◆ Work item
For each line below that includes the string "intro", show the whole line.

(Collection entries)
<<<<
(* Let $d\in\mathbb N$, let $\emptyset\neq\Theta\subset\mathbb R^d$ be a $C^1$-hypersurface of positive reach, and let $\mu\colon\mathbb R^d\to\mathbb R^d$, $\sigma\colon\mathbb R^d\to\mathbb R^{d\times d}$ satisfy: there is $\varepsilon\in(0,\mathrm{reach}(\Theta))$ such that $\mu$ and $\sigma$ are bounded on $\Theta^\varepsilon$; $\mu$ is intrinsic Lipschitz continuous on $\mathbb R^d\setminus\Theta$; $\sigma$ is Lipschitz continuous. Then there exists $c\in(0,\infty)$ such that $\|\mu(x)\|+\|\sigma(x)\|\le c(1+\|x\|)$ for all $x\in\mathbb R^d$.
   Context: $\|\cdot\|$ is the Euclidean norm on vectors and the Frobenius norm on matrices. A nonempty $\Theta\subset\mathbb R^d$ is a $C^1$-hypersurface if for every $x\in\Theta$ there are open $U,V$ with $x\in U$ and a $C^1$-diffeomorphism $\phi\colon U\to V$ with $\phi(\Theta\cap U)=(\mathbb R^{d-1}\times\{0\})\cap V$ ($\{0\}$ if $d=1$). $d(x,\Theta)=\inf_{y\in\Theta}\|x-y\|$, $\Theta^\varepsilon=\{x:d(x,\Theta)<\varepsilon\}$, $\mathrm{reach}(\Theta)=\sup\{\varepsilon\ge0:$ every point of $\Theta^\varepsilon$ has a unique nearest point in $\Theta\}$. Intrinsic Lipschitz continuity on $A$: $\|f(x)-f(y)\|\le L\rho_A(x,y)$ for all $x,y\in A$, where $\rho_A(x,y)$ is the infimum of the lengths $l(\gamma)=\sup\sum_k\|\gamma(t_k)-\gamma(t_{k-1})\|$ (over partitions of $[0,1]$) of continuous curves $\gamma\colon[0,1]\to A$ from $x$ to $y$. *)

theory Defs
  imports "HOL-Analysis.Analysis"
begin

definition C1_on :: "('a::euclidean_space \<Rightarrow> 'b::euclidean_space) \<Rightarrow> 'a set \<Rightarrow> bool" where
  "C1_on f U \<longleftrightarrow> (\<exists>f'. (\<forall>x\<in>U. (f has_derivative blinfun_apply (f' x)) (at x)) \<and> continuous_on U f')"

definition C1_diffeo :: "('a::euclidean_space \<Rightarrow> 'a) \<Rightarrow> 'a set \<Rightarrow> 'a set \<Rightarrow> bool" where
  "C1_diffeo \<phi> U V \<longleftrightarrow> bij_betw \<phi> U V \<and> C1_on \<phi> U \<and> C1_on (inv_into U \<phi>) V"

text \<open>C^1-hypersurface: locally straightened onto a coordinate hyperplane
  (R^{d-1} x {0}, with the distinguished coordinate i).\<close>
definition C1_hypersurface :: "(real^'n) set \<Rightarrow> bool" where
  "C1_hypersurface \<Theta> \<longleftrightarrow> \<Theta> \<noteq> {} \<and>
     (\<forall>x\<in>\<Theta>. \<exists>U V \<phi>. open U \<and> open V \<and> x \<in> U \<and> C1_diffeo \<phi> U V \<and>
        (\<exists>i. \<phi> ` (\<Theta> \<inter> U) = {y \<in> V. y $ i = 0}))"

definition nbhd :: "'a::metric_space set \<Rightarrow> real \<Rightarrow> 'a set" where
  "nbhd \<Theta> \<epsilon> = {x. infdist x \<Theta> < \<epsilon>}"

definition reach :: "'a::metric_space set \<Rightarrow> ereal" where
  "reach \<Theta> = Sup (ereal ` {\<epsilon>. \<epsilon> \<ge> 0 \<and>
      (\<forall>x\<in>nbhd \<Theta> \<epsilon>. \<exists>!y. y \<in> \<Theta> \<and> dist x y = infdist x \<Theta>)})"

definition curve_length :: "(real \<Rightarrow> 'a::real_normed_vector) \<Rightarrow> ereal" where
  "curve_length \<gamma> = Sup {ereal (\<Sum>k<n. norm (\<gamma> (t (Suc k)) - \<gamma> (t k))) | t n.
      t 0 = 0 \<and> t n = 1 \<and> (\<forall>k<n. t k \<le> t (Suc k))}"

definition intrinsic_dist :: "'a::real_normed_vector set \<Rightarrow> 'a \<Rightarrow> 'a \<Rightarrow> ereal" where
  "intrinsic_dist A x y = Inf {curve_length \<gamma> | \<gamma>.
      continuous_on {0..1} \<gamma> \<and> \<gamma> ` {0..1} \<subseteq> A \<and> \<gamma> 0 = x \<and> \<gamma> 1 = y}"

definition intrinsic_lipschitz_on :: "'a::real_normed_vector set \<Rightarrow> ('a \<Rightarrow> 'b::real_normed_vector) \<Rightarrow> bool" where
  "intrinsic_lipschitz_on A f \<longleftrightarrow> (\<exists>L::real. L \<ge> 0 \<and>
      (\<forall>x\<in>A. \<forall>y\<in>A. ereal (norm (f x - f y)) \<le> ereal L * intrinsic_dist A x y))"

end

theory Submission
  imports Defs
begin

text \<open>Near \<Theta> the drift \<mu> is bounded by hypothesis. From a point x at distance
  \<delta> \<ge> \<epsilon> from \<Theta>, walk straight towards an almost nearest point of \<Theta> until
  reaching the \<epsilon>-neighbourhood; the walk has length at most \<delta> and stays in the
  open ball of radius \<delta> about x, which misses \<Theta>. Intrinsic Lipschitz continuity
  on the complement of \<Theta> therefore gives \<parallel>\<mu> x\<parallel> \<le> M + L \<delta> \<le> M + L (\<parallel>x\<parallel> + \<parallel>\<theta>\<parallel>)
  for any \<theta> \<in> \<Theta>, while \<sigma> grows linearly as every Lipschitz map does.\<close>

lemma curve_length_linepath_le:
  fixes a b :: "'a::real_normed_vector"
  shows "curve_length (linepath a b) \<le> ereal (dist a b)"
  unfolding curve_length_def
proof (rule Sup_least, clarify)
  fix t :: "nat \<Rightarrow> real" and n
  assume t: "t 0 = 0" "t n = 1" "\<forall>k<n. t k \<le> t (Suc k)"
  have step: "norm (linepath a b (t (Suc k)) - linepath a b (t k)) = (t (Suc k) - t k) * dist a b"
    if "k < n" for k
  proof -
    have "linepath a b (t (Suc k)) - linepath a b (t k) = (t (Suc k) - t k) *\<^sub>R (b - a)"
      by (simp add: linepath_def algebra_simps)
    then show ?thesis
      using t(3) that by (simp add: dist_norm norm_minus_commute)
  qed
  have "(\<Sum>k<n. norm (linepath a b (t (Suc k)) - linepath a b (t k)))
      = (\<Sum>k<n. (t (Suc k) - t k) * dist a b)"
    using step by simp
  also have "\<dots> = (t n - t 0) * dist a b"
    by (simp add: sum_distrib_right[symmetric] sum_lessThan_telescope)
  finally show "ereal (\<Sum>k<n. norm (linepath a b (t (Suc k)) - linepath a b (t k)))
      \<le> ereal (dist a b)"
    using t by simp
qed

lemma intrinsic_dist_le_dist:
  fixes a b :: "'a::real_normed_vector"
  assumes "closed_segment a b \<subseteq> A"
  shows "intrinsic_dist A a b \<le> ereal (dist a b)"
proof -
  have "intrinsic_dist A a b \<le> curve_length (linepath a b)"
    unfolding intrinsic_dist_def
  proof (rule Inf_lower, rule CollectI, rule exI[of _ "linepath a b"])
    show "curve_length (linepath a b) = curve_length (linepath a b) \<and>
        continuous_on {0..1} (linepath a b) \<and> linepath a b ` {0..1} \<subseteq> A \<and>
        linepath a b 0 = a \<and> linepath a b 1 = b"
      using assms by (simp add: linepath_image_01 linepath_0' linepath_1' continuous_on_linepath)
  qed
  also have "\<dots> \<le> ereal (dist a b)"
    by (rule curve_length_linepath_le)
  finally show ?thesis .
qed

lemma intrinsic_lipschitz_on_segmentE:
  assumes "intrinsic_lipschitz_on A f"
  obtains L where "L \<ge> 0"
    and "\<And>x y. closed_segment x y \<subseteq> A \<Longrightarrow> norm (f x - f y) \<le> L * dist x y"
proof -
  obtain L where L: "L \<ge> 0"
    "\<forall>x\<in>A. \<forall>y\<in>A. ereal (norm (f x - f y)) \<le> ereal L * intrinsic_dist A x y"
    using assms unfolding intrinsic_lipschitz_on_def by blast
  have "norm (f x - f y) \<le> L * dist x y" if "closed_segment x y \<subseteq> A" for x y
  proof -
    have "x \<in> A" "y \<in> A"
      using that by auto
    then have "ereal (norm (f x - f y)) \<le> ereal L * intrinsic_dist A x y"
      using L(2) by blast
    also have "\<dots> \<le> ereal L * ereal (dist x y)"
      using L(1) intrinsic_dist_le_dist[OF that] by (intro ereal_mult_left_mono) auto
    finally show ?thesis
      by simp
  qed
  with L(1) show thesis
    by (rule that)
qed

lemma ball_infdist_disjoint: "ball x (infdist x A) \<inter> A = {}"
proof -
  have "y \<notin> A" if "dist x y < infdist x A" for y
    using infdist_le[of y A x] that by linarith
  then show ?thesis
    by auto
qed

lemma segment_into_nbhd_avoiding:
  fixes \<Theta> :: "'a::real_normed_vector set"
  assumes "\<Theta> \<noteq> {}" and "0 < \<epsilon>" and "\<epsilon> \<le> infdist x \<Theta>"
  obtains z where "z \<in> nbhd \<Theta> \<epsilon>" and "dist x z \<le> infdist x \<Theta>"
    and "closed_segment x z \<inter> \<Theta> = {}"
proof -
  define \<delta> where "\<delta> = infdist x \<Theta>"
  have "\<exists>r\<in>(\<lambda>a. dist x a) ` \<Theta>. r < \<delta> + \<epsilon>/2"
    using assms(1,2) infdist_notempty[OF assms(1), of x]
    by (intro cInf_lessD) (auto simp: \<delta>_def)
  then obtain \<theta> where "\<theta> \<in> \<Theta>" and "dist x \<theta> < \<delta> + \<epsilon>/2"
    by blast
  define D where "D = dist x \<theta>"
  have "D < \<delta> + \<epsilon>/2"
    using \<open>dist x \<theta> < \<delta> + \<epsilon>/2\<close> by (simp add: D_def)
  have "\<delta> \<le> D"
    unfolding \<delta>_def D_def using \<open>\<theta> \<in> \<Theta>\<close> by (rule infdist_le)
  then have "\<epsilon> \<le> D"
    using assms(3) by (simp add: \<delta>_def)
  define u where "u = \<epsilon> / (2 * D)"
  have u: "0 < u" "u \<le> 1" "u * D = \<epsilon> / 2"
    using \<open>\<epsilon> \<le> D\<close> assms(2) by (auto simp: u_def field_simps)
  define z where "z = \<theta> + u *\<^sub>R (x - \<theta>)"
  have "dist z \<theta> = u * D"
    using u(1) by (simp add: z_def D_def dist_norm)
  then have "z \<in> nbhd \<Theta> \<epsilon>"
    using infdist_le[OF \<open>\<theta> \<in> \<Theta>\<close>, of z] u(3) assms(2) by (simp add: nbhd_def)
  have "x - z = (1 - u) *\<^sub>R (x - \<theta>)"
    by (simp add: z_def algebra_simps)
  then have "dist x z = (1 - u) * D"
    using u(2) by (simp add: dist_norm D_def)
  also have "\<dots> = D - \<epsilon> / 2"
    using u(3) by (simp add: left_diff_distrib)
  finally have "dist x z < \<delta>"
    using \<open>D < \<delta> + \<epsilon>/2\<close> by linarith
  then have "closed_segment x z \<subseteq> ball x \<delta>"
    using \<open>\<delta> \<le> D\<close> \<open>\<epsilon> \<le> D\<close> assms(2,3)
    by (intro closed_segment_subset) (auto simp: \<delta>_def)
  then have "closed_segment x z \<inter> \<Theta> = {}"
    using ball_infdist_disjoint[of x \<Theta>] by (auto simp: \<delta>_def)
  with \<open>z \<in> nbhd \<Theta> \<epsilon>\<close> \<open>dist x z < \<delta>\<close> show thesis
    using that unfolding \<delta>_def by simp
qed

lemma norm_le_nbhd_bound_plus_infdist:
  fixes f :: "'a::real_normed_vector \<Rightarrow> 'b::real_normed_vector"
  assumes "\<Theta> \<noteq> {}" and "0 < \<epsilon>"
    and bound: "\<And>y. y \<in> nbhd \<Theta> \<epsilon> \<Longrightarrow> norm (f y) \<le> M"
    and "L \<ge> 0"
    and lip: "\<And>x y. closed_segment x y \<subseteq> UNIV - \<Theta> \<Longrightarrow> norm (f x - f y) \<le> L * dist x y"
  shows "norm (f x) \<le> M + L * infdist x \<Theta>"
proof (cases "x \<in> nbhd \<Theta> \<epsilon>")
  case True
  then show ?thesis
    using bound \<open>L \<ge> 0\<close> by (simp add: add_increasing2 infdist_nonneg)
next
  case False
  then have "\<epsilon> \<le> infdist x \<Theta>"
    by (simp add: nbhd_def)
  then obtain z where z: "z \<in> nbhd \<Theta> \<epsilon>" "dist x z \<le> infdist x \<Theta>"
    "closed_segment x z \<inter> \<Theta> = {}"
    by (rule segment_into_nbhd_avoiding[OF assms(1,2)])
  have "norm (f x) \<le> norm (f z) + norm (f x - f z)"
    by (rule norm_triangle_sub)
  also have "\<dots> \<le> M + L * dist x z"
    using lip[of x z] z(3) bound[OF z(1)] by (intro add_mono) auto
  also have "\<dots> \<le> M + L * infdist x \<Theta>"
    using z(2) \<open>L \<ge> 0\<close> by (simp add: mult_left_mono)
  finally show ?thesis .
qed

lemma lipschitz_on_norm_le:
  fixes f :: "'a::real_normed_vector \<Rightarrow> 'b::real_normed_vector"
  assumes "L-lipschitz_on UNIV f"
  shows "norm (f x) \<le> norm (f 0) + L * norm x"
proof -
  have "norm (f x - f 0) \<le> L * norm x"
    using lipschitz_onD[OF assms, of x 0] by (simp add: dist_norm)
  then show ?thesis
    using norm_triangle_sub[of "f x" "f 0"] by simp
qed

lemma affine_bound_imp_linear_growth:
  fixes g :: "'a::real_normed_vector \<Rightarrow> real"
  assumes "\<And>x. g x \<le> A + B * norm x"
  shows "\<exists>c>0. \<forall>x. g x \<le> c * (1 + norm x)"
proof (intro exI conjI allI)
  fix x :: 'a
  have "B * norm x \<le> (\<bar>A\<bar> + \<bar>B\<bar> + 1) * norm x"
    by (intro mult_right_mono) auto
  then show "g x \<le> (\<bar>A\<bar> + \<bar>B\<bar> + 1) * (1 + norm x)"
    using assms[of x] by (simp add: distrib_left)
qed simp

theorem lemma1:
  fixes \<Theta> :: "(real^'n) set"
    and \<mu> :: "real^'n \<Rightarrow> real^'n"
    and \<sigma> :: "real^'n \<Rightarrow> real^'n^'n"
  assumes "\<Theta> \<noteq> {}"
    and "C1_hypersurface \<Theta>"
    and "reach \<Theta> > 0"
    and "\<exists>\<epsilon>>0. ereal \<epsilon> < reach \<Theta> \<and> bounded (\<mu> ` nbhd \<Theta> \<epsilon>) \<and> bounded (\<sigma> ` nbhd \<Theta> \<epsilon>)"
    and "intrinsic_lipschitz_on (UNIV - \<Theta>) \<mu>"
    and "\<exists>L. L-lipschitz_on UNIV \<sigma>"
  shows "\<exists>c>0. \<forall>x. norm (\<mu> x) + norm (\<sigma> x) \<le> c * (1 + norm x)"
proof -
  obtain \<epsilon> M where "\<epsilon> > 0" and M: "\<And>y. y \<in> nbhd \<Theta> \<epsilon> \<Longrightarrow> norm (\<mu> y) \<le> M"
    using assms(4) unfolding bounded_iff by blast
  obtain L where "L \<ge> 0"
    and L: "\<And>x y. closed_segment x y \<subseteq> UNIV - \<Theta> \<Longrightarrow> norm (\<mu> x - \<mu> y) \<le> L * dist x y"
    using intrinsic_lipschitz_on_segmentE[OF assms(5)] by metis
  obtain K where K: "K-lipschitz_on UNIV \<sigma>"
    using assms(6) by blast
  obtain \<theta>\<^sub>0 where "\<theta>\<^sub>0 \<in> \<Theta>"
    using assms(1) by blast
  have "norm (\<mu> x) + norm (\<sigma> x)
      \<le> (M + L * norm \<theta>\<^sub>0 + norm (\<sigma> 0)) + (L + K) * norm x" for x
  proof -
    have "infdist x \<Theta> \<le> norm x + norm \<theta>\<^sub>0"
      using infdist_le[OF \<open>\<theta>\<^sub>0 \<in> \<Theta>\<close>, of x] norm_triangle_ineq4[of x \<theta>\<^sub>0]
      by (simp add: dist_norm)
    then have "L * infdist x \<Theta> \<le> L * (norm x + norm \<theta>\<^sub>0)"
      using \<open>L \<ge> 0\<close> by (rule mult_left_mono)
    then have "norm (\<mu> x) \<le> M + L * (norm x + norm \<theta>\<^sub>0)"
      using norm_le_nbhd_bound_plus_infdist[OF assms(1) \<open>\<epsilon> > 0\<close> M \<open>L \<ge> 0\<close> L, of x]
      by linarith
    then show ?thesis
      using lipschitz_on_norm_le[OF K, of x] by (simp add: algebra_simps)
  qed
  then show ?thesis
    by (rule affine_bound_imp_linear_growth)
qed

end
>>>>
◆ Answer box
      using L(1) intrinsic_dist_le_dist[OF that] by (intro ereal_mult_left_mono) auto
    by (intro cInf_lessD) (auto simp: \<delta>_def)
    by (intro closed_segment_subset) (auto simp: \<delta>_def)
    using lip[of x z] z(3) bound[OF z(1)] by (intro add_mono) auto
proof (intro exI conjI allI)
    by (intro mult_right_mono) auto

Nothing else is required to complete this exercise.